**RECORDS SUPPLIED**
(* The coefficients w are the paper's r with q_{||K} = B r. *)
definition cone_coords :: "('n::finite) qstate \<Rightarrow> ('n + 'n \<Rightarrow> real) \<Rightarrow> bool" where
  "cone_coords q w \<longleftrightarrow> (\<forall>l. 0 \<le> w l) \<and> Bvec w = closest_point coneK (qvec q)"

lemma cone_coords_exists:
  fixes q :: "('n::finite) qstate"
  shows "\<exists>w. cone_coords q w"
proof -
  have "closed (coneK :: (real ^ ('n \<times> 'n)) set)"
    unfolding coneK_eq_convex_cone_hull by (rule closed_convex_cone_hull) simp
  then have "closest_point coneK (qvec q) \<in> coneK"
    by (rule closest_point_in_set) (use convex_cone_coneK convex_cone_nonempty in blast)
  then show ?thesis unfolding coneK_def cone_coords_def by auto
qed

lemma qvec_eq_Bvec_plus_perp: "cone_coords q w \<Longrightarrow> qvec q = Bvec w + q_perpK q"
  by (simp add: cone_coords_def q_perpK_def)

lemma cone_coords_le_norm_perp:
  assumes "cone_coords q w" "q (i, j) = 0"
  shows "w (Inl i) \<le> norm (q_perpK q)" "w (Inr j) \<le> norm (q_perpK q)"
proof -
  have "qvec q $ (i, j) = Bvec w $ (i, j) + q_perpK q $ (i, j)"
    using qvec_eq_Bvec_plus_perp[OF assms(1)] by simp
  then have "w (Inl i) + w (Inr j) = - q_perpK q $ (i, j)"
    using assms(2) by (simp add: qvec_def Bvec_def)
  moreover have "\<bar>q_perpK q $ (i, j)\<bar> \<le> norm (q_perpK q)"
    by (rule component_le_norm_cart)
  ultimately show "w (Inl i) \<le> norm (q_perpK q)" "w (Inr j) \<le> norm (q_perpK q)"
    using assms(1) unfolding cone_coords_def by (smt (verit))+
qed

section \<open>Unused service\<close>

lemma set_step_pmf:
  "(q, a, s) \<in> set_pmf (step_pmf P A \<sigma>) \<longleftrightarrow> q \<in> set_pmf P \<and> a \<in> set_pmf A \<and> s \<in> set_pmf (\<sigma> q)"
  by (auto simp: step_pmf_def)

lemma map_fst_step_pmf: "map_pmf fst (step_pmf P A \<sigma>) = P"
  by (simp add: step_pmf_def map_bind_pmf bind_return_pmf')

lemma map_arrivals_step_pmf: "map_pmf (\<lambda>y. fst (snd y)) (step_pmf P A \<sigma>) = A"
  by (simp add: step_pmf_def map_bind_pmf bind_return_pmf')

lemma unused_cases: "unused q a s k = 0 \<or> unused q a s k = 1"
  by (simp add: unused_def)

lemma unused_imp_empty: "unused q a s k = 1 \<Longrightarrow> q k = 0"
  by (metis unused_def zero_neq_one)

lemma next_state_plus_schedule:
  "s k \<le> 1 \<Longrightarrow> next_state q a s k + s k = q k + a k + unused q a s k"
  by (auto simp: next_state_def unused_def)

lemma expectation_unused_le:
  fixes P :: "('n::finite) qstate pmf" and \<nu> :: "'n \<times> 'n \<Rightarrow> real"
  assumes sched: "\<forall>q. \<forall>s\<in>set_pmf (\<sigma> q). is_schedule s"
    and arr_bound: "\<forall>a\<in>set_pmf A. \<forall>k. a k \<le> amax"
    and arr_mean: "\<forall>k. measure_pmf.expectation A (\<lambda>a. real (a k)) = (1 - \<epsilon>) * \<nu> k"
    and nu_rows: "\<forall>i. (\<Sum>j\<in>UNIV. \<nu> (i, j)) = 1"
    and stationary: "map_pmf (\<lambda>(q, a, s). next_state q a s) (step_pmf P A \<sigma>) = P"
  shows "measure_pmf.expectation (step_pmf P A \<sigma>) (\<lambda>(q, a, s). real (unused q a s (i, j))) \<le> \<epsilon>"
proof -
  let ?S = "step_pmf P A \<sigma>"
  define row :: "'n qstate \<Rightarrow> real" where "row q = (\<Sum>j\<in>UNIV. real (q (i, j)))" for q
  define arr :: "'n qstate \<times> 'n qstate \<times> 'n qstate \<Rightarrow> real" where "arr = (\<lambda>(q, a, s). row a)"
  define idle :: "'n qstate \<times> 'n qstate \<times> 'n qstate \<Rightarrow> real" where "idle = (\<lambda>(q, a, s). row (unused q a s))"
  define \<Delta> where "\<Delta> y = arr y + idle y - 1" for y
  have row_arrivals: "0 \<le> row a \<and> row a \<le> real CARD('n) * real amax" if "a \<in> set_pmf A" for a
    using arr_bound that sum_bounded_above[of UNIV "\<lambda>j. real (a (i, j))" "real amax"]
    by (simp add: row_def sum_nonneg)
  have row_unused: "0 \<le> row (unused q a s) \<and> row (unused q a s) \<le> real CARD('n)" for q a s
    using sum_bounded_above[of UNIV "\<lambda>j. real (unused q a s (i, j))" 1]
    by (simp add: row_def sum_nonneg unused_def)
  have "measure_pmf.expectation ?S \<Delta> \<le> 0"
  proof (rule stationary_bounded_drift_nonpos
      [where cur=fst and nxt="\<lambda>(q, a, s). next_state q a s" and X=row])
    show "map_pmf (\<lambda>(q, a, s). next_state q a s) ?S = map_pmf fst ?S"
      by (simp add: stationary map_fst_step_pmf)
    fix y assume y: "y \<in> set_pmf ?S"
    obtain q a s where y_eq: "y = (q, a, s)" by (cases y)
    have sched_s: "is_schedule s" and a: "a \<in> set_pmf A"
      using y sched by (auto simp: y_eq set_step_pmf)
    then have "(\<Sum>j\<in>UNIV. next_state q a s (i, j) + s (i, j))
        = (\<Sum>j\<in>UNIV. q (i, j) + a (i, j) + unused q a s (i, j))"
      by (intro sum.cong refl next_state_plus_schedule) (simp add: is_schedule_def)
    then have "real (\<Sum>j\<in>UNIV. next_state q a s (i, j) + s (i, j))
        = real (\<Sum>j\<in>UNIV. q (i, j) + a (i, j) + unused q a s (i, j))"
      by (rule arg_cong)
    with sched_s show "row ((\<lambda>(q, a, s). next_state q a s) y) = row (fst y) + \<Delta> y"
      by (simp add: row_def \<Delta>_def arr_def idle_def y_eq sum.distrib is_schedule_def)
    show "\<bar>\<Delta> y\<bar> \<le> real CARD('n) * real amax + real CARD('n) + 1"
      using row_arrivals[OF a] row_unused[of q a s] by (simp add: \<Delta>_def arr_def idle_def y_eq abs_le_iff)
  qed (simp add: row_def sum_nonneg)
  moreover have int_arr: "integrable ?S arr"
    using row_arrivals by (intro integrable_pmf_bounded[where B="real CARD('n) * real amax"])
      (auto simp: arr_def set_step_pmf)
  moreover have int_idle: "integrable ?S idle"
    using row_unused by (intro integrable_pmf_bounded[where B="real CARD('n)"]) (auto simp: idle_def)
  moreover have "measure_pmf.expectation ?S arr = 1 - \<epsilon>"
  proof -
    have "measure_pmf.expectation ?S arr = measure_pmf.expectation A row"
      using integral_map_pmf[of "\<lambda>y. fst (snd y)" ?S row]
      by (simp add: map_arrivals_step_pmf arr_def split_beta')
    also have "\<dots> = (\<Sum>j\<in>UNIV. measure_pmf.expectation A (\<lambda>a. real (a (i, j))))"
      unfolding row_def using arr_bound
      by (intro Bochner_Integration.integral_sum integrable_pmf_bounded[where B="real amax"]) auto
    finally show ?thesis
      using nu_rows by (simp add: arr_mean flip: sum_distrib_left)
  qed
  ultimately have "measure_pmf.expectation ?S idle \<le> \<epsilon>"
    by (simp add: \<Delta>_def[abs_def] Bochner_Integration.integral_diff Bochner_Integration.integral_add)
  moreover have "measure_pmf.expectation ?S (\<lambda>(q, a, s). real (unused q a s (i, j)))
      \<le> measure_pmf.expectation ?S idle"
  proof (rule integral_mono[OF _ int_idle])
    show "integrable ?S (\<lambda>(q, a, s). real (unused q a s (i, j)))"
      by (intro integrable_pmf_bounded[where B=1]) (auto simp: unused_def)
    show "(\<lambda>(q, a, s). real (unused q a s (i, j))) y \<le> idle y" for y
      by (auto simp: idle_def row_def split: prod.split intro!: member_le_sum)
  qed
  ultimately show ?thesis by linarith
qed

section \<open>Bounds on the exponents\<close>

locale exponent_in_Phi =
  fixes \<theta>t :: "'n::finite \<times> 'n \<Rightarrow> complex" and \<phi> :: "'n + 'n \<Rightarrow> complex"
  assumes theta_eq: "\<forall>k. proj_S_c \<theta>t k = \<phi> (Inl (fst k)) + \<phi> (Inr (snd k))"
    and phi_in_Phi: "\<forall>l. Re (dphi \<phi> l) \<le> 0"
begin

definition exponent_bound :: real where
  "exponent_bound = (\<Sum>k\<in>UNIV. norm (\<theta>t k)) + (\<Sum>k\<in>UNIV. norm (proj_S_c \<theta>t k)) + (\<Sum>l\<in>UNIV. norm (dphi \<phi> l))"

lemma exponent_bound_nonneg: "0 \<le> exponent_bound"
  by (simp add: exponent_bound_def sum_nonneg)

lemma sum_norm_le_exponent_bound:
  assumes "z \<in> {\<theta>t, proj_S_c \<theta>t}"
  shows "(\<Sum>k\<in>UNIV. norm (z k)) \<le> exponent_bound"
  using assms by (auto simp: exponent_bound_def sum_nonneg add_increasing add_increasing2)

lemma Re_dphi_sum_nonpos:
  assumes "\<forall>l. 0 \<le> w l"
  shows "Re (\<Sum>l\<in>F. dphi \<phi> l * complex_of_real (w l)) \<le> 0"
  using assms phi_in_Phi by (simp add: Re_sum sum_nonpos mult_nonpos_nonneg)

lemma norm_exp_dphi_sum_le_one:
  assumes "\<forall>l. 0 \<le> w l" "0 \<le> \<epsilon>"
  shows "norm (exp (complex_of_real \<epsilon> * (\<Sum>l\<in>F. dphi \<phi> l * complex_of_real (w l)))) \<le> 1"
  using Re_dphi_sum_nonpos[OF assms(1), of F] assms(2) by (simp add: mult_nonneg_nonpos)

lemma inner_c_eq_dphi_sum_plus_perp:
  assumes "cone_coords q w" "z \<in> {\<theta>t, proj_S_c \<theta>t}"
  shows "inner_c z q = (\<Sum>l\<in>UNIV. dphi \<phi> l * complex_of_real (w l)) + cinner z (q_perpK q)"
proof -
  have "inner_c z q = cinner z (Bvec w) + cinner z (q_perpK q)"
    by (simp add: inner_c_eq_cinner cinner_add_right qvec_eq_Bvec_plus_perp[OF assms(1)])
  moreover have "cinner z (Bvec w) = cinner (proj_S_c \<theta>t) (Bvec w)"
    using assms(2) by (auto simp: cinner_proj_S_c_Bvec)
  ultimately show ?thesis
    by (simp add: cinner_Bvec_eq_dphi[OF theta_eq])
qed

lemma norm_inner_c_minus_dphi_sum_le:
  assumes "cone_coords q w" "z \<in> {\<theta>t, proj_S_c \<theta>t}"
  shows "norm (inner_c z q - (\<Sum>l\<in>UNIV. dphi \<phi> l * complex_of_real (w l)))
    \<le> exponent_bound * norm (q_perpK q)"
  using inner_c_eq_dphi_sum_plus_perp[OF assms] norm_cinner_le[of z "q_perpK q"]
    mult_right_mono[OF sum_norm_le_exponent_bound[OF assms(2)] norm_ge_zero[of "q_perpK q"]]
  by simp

---

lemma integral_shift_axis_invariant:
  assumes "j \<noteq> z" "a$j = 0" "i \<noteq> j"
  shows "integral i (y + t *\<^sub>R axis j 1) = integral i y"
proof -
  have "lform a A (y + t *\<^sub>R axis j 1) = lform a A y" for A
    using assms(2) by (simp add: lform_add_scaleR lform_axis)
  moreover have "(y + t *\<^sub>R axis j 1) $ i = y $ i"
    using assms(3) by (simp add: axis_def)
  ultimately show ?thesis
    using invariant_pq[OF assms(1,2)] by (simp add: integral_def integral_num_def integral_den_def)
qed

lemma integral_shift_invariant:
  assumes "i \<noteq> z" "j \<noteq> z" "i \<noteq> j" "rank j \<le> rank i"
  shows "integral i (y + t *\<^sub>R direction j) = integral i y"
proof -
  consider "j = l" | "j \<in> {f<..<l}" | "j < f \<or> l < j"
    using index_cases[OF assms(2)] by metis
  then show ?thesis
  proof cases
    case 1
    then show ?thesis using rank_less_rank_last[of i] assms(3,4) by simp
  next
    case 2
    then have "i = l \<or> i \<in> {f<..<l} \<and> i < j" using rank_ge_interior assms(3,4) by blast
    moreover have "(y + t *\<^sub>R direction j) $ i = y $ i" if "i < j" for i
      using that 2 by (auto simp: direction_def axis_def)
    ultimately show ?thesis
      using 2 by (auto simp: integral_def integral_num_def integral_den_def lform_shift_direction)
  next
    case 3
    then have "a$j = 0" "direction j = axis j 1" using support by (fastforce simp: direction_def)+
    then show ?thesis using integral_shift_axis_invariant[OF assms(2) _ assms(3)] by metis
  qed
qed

==

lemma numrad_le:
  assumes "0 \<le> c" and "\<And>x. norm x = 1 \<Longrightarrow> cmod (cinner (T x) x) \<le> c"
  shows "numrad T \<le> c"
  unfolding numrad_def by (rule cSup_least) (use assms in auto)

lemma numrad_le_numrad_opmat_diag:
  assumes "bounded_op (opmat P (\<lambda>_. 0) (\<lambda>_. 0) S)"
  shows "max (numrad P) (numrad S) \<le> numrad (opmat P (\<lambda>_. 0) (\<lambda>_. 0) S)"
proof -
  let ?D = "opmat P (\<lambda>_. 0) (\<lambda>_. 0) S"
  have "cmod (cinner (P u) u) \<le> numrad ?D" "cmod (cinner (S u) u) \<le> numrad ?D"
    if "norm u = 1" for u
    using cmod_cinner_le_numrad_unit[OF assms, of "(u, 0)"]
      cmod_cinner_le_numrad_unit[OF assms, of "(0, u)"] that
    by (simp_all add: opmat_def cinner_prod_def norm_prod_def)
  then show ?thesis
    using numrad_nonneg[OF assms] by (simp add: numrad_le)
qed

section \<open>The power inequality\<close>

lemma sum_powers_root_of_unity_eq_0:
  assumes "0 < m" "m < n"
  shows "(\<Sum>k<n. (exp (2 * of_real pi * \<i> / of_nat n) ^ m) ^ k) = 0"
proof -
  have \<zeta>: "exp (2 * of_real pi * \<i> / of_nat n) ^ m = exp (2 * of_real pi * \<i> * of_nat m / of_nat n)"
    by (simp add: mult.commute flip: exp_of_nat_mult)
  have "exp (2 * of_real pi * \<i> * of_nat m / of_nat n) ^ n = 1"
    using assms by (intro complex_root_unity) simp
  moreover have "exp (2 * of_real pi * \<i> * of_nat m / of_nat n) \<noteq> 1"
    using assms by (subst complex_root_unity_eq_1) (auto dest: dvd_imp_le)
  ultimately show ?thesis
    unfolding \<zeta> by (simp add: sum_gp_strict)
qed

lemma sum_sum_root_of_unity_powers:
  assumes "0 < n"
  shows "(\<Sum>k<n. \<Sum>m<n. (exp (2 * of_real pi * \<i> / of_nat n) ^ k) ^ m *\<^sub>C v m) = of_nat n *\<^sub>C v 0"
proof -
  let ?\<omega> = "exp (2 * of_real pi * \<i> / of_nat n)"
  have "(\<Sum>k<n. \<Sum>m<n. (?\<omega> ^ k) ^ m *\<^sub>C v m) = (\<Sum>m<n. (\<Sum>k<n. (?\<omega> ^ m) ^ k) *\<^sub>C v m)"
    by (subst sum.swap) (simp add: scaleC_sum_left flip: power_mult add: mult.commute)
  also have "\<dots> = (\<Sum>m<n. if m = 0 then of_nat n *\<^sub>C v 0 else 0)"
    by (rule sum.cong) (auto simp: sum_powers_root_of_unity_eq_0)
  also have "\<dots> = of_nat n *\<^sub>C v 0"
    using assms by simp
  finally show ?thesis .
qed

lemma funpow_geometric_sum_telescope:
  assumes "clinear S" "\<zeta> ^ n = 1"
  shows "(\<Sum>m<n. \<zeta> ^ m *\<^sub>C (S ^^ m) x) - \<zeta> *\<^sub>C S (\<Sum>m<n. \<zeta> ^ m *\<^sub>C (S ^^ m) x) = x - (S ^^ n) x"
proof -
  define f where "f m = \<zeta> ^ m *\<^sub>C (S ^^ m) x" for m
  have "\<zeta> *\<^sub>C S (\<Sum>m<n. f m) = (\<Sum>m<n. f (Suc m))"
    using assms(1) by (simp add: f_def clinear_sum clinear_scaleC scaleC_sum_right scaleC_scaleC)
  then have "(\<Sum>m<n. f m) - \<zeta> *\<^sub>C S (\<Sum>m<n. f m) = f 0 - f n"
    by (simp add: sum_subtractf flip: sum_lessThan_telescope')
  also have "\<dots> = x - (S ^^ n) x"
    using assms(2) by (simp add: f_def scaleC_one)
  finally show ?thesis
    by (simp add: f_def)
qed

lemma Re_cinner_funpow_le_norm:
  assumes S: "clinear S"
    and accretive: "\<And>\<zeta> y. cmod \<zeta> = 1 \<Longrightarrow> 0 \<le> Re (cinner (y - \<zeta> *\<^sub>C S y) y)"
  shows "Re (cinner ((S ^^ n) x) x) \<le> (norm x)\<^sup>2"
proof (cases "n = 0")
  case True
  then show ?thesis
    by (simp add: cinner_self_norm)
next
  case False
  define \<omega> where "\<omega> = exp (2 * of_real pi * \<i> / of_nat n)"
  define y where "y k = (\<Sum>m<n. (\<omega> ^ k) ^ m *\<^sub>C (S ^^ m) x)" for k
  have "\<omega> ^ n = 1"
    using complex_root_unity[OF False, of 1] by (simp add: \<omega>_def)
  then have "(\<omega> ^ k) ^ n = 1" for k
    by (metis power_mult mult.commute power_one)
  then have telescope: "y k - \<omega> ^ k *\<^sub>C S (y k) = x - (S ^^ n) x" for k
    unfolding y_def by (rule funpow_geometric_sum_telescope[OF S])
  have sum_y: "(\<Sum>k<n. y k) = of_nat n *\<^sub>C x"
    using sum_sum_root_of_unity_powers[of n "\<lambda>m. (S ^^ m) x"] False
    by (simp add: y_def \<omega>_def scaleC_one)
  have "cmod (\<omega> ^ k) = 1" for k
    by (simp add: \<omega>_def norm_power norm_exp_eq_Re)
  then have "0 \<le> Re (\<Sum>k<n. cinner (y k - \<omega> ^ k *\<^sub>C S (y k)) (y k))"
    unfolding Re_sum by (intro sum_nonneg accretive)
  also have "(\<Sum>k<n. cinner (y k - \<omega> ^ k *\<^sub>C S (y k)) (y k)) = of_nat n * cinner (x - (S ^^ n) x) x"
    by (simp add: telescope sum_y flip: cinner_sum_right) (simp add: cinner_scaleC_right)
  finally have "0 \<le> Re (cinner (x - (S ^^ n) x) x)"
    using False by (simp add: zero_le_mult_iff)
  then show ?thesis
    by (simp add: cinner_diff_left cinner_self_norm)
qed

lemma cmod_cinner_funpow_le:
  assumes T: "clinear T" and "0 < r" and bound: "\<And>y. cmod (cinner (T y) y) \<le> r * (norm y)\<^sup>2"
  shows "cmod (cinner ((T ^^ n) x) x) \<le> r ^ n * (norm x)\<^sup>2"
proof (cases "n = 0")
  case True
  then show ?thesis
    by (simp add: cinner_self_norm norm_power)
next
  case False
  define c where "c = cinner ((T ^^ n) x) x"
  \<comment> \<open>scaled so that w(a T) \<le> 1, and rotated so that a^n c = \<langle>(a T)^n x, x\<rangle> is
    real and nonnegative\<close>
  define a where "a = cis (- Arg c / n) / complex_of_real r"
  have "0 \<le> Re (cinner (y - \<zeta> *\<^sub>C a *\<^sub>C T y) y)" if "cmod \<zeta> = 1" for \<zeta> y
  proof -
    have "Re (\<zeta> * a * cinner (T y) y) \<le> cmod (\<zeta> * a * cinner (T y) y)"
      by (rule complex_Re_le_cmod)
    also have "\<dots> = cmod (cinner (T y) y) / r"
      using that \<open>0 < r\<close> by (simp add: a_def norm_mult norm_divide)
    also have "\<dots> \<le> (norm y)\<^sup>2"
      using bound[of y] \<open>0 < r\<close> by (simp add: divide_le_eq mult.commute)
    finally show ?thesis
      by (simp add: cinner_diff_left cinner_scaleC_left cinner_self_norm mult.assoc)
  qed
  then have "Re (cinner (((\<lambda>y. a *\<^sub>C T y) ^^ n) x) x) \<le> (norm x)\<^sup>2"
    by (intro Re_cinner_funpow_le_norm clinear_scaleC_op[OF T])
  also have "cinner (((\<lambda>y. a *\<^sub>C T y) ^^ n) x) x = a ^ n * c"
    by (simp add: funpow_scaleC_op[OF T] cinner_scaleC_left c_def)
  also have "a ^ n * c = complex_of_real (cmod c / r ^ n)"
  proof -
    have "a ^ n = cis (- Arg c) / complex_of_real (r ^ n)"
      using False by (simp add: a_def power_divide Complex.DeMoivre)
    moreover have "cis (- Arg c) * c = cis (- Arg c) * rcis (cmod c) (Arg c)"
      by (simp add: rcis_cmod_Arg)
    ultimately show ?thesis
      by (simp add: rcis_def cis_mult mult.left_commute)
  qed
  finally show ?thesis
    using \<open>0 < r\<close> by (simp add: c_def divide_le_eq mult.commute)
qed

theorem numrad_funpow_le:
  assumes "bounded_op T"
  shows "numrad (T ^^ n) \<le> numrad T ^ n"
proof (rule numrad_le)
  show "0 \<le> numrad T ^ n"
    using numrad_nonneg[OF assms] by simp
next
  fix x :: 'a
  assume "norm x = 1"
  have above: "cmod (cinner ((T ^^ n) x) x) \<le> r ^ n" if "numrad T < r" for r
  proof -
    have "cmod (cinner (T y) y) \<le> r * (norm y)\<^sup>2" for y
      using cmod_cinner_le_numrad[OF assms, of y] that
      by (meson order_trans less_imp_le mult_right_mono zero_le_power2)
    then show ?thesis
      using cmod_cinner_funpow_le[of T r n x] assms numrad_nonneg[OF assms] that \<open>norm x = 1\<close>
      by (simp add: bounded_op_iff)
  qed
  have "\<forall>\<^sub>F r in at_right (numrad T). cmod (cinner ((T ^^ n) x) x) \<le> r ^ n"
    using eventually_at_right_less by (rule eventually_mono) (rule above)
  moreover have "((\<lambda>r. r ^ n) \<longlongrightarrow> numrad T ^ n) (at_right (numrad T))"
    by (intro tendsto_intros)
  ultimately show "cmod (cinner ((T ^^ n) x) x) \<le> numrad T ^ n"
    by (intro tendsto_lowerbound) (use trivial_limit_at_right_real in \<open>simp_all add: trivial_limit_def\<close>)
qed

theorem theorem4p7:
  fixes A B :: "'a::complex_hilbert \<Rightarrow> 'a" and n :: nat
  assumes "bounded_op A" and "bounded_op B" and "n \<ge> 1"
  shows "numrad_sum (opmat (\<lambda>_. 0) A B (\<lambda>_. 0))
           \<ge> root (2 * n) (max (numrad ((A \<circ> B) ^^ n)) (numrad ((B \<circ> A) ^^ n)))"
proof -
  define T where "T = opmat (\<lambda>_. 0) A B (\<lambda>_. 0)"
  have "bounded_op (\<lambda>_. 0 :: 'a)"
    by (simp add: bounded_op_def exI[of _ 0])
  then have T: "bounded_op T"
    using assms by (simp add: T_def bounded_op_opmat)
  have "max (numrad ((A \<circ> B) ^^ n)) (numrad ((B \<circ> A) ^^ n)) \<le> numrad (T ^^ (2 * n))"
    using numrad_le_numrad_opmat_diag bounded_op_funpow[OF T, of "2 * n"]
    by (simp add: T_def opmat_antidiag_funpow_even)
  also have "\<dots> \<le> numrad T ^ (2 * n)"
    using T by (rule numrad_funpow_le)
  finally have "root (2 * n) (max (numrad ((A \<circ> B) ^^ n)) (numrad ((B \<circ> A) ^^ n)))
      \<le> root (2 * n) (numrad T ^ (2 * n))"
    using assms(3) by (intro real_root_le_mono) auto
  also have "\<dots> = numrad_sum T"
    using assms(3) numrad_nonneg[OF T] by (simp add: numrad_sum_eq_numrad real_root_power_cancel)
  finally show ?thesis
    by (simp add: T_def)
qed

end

**WORK TO COMPLETE**
Only the lines above starting at the one containing "using numrad_nonneg[OF assms] by simp" and ending at the one containing "using eventually_at_right_less by", both included, are to be returned, exactly as they read.

**RESPONSE TO THIS TASK**
    using numrad_nonneg[OF assms] by simp
next
  fix x :: 'a
  assume "norm x = 1"
  have above: "cmod (cinner ((T ^^ n) x) x) \<le> r ^ n" if "numrad T < r" for r
  proof -
    have "cmod (cinner (T y) y) \<le> r * (norm y)\<^sup>2" for y
      using cmod_cinner_le_numrad[OF assms, of y] that
      by (meson order_trans less_imp_le mult_right_mono zero_le_power2)
    then show ?thesis
      using cmod_cinner_funpow_le[of T r n x] assms numrad_nonneg[OF assms] that \<open>norm x = 1\<close>
      by (simp add: bounded_op_iff)
  qed
  have "\<forall>\<^sub>F r in at_right (numrad T). cmod (cinner ((T ^^ n) x) x) \<le> r ^ n"
    using eventually_at_right_less by (rule eventually_mono) (rule above)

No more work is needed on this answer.